Assignment: Search the listing below, and show each line that includes the word "imports".

Extracted data:
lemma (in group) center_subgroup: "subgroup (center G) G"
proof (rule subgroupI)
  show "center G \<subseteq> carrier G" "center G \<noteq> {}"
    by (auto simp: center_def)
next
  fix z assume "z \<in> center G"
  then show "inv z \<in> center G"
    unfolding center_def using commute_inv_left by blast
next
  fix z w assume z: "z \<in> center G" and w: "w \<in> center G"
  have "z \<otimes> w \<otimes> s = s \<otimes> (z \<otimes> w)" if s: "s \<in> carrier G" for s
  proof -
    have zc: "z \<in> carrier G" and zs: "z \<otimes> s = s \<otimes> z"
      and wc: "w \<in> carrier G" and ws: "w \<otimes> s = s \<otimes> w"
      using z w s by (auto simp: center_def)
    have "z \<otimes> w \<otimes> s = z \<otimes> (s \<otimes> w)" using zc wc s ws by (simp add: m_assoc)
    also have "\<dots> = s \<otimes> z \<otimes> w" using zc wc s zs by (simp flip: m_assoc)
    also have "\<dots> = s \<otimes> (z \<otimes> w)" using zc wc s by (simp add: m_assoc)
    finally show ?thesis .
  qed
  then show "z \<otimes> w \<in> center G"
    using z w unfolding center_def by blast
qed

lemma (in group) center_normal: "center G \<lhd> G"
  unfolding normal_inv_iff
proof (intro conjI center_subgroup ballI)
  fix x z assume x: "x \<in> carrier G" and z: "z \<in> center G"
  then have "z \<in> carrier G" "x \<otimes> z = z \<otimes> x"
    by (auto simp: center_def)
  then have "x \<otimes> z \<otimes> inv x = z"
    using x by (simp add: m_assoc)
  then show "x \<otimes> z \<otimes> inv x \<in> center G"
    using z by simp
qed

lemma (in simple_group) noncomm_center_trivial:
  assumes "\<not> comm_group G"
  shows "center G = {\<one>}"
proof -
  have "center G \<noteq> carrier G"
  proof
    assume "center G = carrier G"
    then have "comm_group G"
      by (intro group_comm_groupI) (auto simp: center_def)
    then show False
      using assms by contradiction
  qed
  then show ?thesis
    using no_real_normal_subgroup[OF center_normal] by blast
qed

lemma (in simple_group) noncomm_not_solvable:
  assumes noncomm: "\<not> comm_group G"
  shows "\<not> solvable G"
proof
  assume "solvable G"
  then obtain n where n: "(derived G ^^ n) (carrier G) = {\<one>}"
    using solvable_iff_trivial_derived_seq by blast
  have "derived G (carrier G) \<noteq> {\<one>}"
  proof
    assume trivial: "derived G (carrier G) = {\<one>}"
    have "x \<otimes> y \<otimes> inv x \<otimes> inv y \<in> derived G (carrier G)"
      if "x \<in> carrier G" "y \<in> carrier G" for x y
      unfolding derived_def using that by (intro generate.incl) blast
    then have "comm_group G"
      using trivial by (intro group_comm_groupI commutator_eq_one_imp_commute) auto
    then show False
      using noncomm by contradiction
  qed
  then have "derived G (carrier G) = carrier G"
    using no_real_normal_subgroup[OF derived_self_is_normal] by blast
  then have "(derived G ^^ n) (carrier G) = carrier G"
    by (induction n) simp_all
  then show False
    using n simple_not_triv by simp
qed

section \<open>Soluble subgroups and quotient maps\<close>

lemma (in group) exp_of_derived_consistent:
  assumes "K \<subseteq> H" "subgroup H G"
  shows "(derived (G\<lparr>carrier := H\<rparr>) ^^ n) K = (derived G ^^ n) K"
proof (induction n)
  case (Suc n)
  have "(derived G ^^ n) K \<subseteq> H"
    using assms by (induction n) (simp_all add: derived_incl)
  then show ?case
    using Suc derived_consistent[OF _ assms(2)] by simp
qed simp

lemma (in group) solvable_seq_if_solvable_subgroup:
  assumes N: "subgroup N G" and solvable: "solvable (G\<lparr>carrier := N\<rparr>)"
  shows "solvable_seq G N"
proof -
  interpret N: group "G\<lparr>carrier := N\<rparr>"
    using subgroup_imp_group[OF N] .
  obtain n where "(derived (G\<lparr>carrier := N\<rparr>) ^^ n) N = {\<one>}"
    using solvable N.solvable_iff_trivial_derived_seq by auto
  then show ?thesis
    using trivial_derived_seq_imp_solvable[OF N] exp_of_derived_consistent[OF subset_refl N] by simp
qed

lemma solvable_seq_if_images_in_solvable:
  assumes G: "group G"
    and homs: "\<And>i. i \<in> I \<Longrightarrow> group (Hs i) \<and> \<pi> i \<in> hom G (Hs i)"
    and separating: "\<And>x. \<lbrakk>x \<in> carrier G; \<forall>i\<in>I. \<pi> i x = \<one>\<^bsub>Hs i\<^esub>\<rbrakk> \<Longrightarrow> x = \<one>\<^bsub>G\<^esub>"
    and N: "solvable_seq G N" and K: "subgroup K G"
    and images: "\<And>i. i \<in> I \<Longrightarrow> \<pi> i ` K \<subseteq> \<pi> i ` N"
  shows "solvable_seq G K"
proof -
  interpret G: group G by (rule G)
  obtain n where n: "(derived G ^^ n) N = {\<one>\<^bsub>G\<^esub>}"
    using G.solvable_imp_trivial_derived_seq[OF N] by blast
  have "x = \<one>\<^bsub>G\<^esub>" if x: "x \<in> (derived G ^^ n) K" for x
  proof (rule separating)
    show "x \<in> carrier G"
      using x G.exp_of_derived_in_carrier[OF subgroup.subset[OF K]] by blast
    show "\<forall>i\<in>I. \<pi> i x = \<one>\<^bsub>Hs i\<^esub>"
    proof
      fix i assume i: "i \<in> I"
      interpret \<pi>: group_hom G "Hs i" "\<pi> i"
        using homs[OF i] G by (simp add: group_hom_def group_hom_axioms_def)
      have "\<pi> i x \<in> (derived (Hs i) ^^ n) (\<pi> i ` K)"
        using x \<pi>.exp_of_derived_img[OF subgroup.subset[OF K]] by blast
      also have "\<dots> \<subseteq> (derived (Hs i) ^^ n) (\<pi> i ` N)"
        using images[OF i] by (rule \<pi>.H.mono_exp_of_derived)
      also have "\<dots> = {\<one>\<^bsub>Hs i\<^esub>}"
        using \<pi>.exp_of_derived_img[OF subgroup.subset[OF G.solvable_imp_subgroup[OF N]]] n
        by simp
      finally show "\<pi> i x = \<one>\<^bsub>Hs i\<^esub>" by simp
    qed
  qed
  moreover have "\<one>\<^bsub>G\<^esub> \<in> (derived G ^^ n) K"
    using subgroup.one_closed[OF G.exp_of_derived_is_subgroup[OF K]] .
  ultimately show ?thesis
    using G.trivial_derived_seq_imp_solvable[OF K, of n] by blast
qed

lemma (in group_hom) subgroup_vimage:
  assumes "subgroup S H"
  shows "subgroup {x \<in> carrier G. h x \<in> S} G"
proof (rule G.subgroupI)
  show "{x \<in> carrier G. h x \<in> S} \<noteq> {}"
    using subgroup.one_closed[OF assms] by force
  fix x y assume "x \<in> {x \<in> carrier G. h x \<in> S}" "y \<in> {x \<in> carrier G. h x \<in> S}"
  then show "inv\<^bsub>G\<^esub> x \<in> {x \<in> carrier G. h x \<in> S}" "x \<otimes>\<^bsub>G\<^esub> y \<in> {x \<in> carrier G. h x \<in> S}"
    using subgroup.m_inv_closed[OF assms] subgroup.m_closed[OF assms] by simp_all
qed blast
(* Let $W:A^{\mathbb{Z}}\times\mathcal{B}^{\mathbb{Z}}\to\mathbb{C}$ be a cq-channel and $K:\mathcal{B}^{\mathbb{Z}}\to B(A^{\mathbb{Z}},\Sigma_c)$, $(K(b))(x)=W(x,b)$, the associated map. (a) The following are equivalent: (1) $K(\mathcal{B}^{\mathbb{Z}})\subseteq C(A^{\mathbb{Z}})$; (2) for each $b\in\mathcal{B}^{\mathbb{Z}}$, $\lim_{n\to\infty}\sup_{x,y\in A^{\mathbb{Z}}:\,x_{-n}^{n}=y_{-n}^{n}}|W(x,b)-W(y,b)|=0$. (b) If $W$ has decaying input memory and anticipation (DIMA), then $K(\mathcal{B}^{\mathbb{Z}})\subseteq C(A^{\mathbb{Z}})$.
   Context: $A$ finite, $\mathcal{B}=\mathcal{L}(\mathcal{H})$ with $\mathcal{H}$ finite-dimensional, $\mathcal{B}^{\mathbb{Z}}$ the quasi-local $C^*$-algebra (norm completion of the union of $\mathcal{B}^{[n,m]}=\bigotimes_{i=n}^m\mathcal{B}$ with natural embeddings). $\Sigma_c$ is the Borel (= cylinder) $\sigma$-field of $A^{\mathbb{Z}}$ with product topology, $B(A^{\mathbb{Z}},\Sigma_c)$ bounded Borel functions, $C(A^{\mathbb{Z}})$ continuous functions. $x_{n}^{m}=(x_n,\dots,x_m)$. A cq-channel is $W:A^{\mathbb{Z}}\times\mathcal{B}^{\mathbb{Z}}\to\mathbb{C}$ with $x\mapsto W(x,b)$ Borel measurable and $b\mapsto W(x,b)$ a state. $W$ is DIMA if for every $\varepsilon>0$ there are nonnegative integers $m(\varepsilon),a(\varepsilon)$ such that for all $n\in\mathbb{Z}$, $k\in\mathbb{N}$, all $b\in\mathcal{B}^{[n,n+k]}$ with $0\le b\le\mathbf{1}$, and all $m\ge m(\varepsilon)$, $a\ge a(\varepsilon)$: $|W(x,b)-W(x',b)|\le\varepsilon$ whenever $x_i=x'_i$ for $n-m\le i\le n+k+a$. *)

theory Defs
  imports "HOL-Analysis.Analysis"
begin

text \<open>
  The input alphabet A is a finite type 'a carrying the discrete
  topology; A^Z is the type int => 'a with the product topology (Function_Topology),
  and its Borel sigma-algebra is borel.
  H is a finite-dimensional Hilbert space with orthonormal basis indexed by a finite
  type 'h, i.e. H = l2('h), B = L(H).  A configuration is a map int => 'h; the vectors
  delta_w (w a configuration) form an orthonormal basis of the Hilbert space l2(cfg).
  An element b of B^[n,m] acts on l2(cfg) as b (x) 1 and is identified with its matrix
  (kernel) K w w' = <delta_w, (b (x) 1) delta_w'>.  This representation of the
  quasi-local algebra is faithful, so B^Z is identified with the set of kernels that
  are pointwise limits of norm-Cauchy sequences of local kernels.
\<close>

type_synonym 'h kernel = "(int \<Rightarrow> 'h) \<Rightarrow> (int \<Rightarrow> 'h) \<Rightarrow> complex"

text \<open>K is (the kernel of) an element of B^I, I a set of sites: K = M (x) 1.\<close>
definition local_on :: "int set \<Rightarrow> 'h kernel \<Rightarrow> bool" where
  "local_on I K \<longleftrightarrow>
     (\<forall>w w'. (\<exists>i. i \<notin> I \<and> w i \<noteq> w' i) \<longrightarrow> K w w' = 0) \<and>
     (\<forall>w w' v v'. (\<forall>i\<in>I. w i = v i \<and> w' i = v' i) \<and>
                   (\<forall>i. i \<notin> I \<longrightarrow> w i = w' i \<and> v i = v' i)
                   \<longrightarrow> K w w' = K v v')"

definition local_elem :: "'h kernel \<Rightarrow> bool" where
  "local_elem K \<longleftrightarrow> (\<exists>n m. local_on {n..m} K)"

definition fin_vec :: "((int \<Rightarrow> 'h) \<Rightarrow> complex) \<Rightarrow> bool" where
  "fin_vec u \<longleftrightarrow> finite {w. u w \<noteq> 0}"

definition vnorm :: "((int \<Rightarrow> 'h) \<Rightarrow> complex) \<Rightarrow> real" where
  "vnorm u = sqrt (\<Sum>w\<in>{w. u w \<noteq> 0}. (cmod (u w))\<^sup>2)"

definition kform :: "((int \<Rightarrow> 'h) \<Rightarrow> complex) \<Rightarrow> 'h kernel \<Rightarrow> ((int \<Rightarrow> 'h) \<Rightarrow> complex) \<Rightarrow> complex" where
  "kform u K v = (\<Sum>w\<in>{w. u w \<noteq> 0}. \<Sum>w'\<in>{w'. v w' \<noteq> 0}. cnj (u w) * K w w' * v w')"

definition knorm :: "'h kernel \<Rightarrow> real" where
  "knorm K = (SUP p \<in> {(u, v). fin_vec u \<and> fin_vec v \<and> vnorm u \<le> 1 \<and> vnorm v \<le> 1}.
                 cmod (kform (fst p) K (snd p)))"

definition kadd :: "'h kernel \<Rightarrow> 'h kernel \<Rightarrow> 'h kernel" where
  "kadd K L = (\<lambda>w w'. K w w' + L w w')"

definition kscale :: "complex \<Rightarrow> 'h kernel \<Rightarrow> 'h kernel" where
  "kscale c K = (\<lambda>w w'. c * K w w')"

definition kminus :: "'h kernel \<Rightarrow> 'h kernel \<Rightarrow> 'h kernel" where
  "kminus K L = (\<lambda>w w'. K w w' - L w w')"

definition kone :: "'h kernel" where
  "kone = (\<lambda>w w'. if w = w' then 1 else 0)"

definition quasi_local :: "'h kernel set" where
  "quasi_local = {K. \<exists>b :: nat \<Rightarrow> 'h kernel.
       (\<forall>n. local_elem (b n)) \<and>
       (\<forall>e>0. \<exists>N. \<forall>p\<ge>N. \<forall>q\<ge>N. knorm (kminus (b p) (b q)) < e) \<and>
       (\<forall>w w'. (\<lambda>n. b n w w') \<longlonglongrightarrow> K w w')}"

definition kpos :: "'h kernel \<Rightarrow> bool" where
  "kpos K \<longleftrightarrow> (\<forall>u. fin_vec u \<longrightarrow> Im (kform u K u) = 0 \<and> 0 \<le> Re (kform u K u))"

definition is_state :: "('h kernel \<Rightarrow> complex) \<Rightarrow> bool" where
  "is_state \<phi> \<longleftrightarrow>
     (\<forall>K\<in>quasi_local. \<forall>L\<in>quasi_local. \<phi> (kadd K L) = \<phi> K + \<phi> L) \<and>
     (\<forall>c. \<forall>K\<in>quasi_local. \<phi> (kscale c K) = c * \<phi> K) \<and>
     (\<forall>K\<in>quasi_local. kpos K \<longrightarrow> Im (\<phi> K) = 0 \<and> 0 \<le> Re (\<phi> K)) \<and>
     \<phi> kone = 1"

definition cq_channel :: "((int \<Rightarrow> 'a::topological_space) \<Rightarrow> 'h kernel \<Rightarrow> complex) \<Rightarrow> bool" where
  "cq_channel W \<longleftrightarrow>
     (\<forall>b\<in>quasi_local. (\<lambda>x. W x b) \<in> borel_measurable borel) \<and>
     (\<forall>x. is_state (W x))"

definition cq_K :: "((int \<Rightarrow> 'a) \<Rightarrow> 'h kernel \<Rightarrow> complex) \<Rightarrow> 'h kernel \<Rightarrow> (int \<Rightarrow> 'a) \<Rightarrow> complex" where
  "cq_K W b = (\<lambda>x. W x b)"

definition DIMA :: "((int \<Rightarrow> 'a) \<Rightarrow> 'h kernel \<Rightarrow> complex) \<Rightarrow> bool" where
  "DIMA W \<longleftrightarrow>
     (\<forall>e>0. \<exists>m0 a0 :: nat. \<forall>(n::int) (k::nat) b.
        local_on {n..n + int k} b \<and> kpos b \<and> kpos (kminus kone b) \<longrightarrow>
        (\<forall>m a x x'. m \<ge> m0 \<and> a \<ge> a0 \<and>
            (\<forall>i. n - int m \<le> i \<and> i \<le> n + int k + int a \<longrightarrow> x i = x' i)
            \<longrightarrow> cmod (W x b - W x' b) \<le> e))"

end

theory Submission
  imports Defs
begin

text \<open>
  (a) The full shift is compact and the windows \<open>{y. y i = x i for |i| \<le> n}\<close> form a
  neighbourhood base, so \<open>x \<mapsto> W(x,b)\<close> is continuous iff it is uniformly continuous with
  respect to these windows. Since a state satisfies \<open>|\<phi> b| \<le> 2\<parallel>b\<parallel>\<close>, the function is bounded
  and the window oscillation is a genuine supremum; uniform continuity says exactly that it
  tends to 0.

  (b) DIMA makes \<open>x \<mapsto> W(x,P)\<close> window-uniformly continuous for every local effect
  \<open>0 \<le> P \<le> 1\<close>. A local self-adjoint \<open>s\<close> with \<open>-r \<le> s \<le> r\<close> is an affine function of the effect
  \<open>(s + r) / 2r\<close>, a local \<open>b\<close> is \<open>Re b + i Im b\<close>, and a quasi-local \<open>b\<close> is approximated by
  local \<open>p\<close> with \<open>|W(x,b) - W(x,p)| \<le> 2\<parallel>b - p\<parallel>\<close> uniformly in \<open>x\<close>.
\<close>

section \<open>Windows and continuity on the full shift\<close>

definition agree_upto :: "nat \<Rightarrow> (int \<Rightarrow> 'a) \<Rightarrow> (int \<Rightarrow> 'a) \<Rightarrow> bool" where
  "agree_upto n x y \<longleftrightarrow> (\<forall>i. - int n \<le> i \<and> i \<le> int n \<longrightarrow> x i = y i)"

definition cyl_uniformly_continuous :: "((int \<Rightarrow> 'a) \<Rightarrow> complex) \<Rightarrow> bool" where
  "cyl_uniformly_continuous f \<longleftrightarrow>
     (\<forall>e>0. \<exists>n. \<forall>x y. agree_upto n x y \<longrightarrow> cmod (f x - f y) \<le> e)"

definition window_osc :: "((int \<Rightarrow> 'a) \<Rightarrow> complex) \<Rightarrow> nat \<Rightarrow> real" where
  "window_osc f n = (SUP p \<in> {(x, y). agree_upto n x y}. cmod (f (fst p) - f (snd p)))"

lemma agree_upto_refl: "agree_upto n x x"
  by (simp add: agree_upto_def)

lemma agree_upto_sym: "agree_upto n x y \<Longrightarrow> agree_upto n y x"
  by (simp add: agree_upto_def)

The completed task:
  imports "HOL-Analysis.Analysis"
  imports Defs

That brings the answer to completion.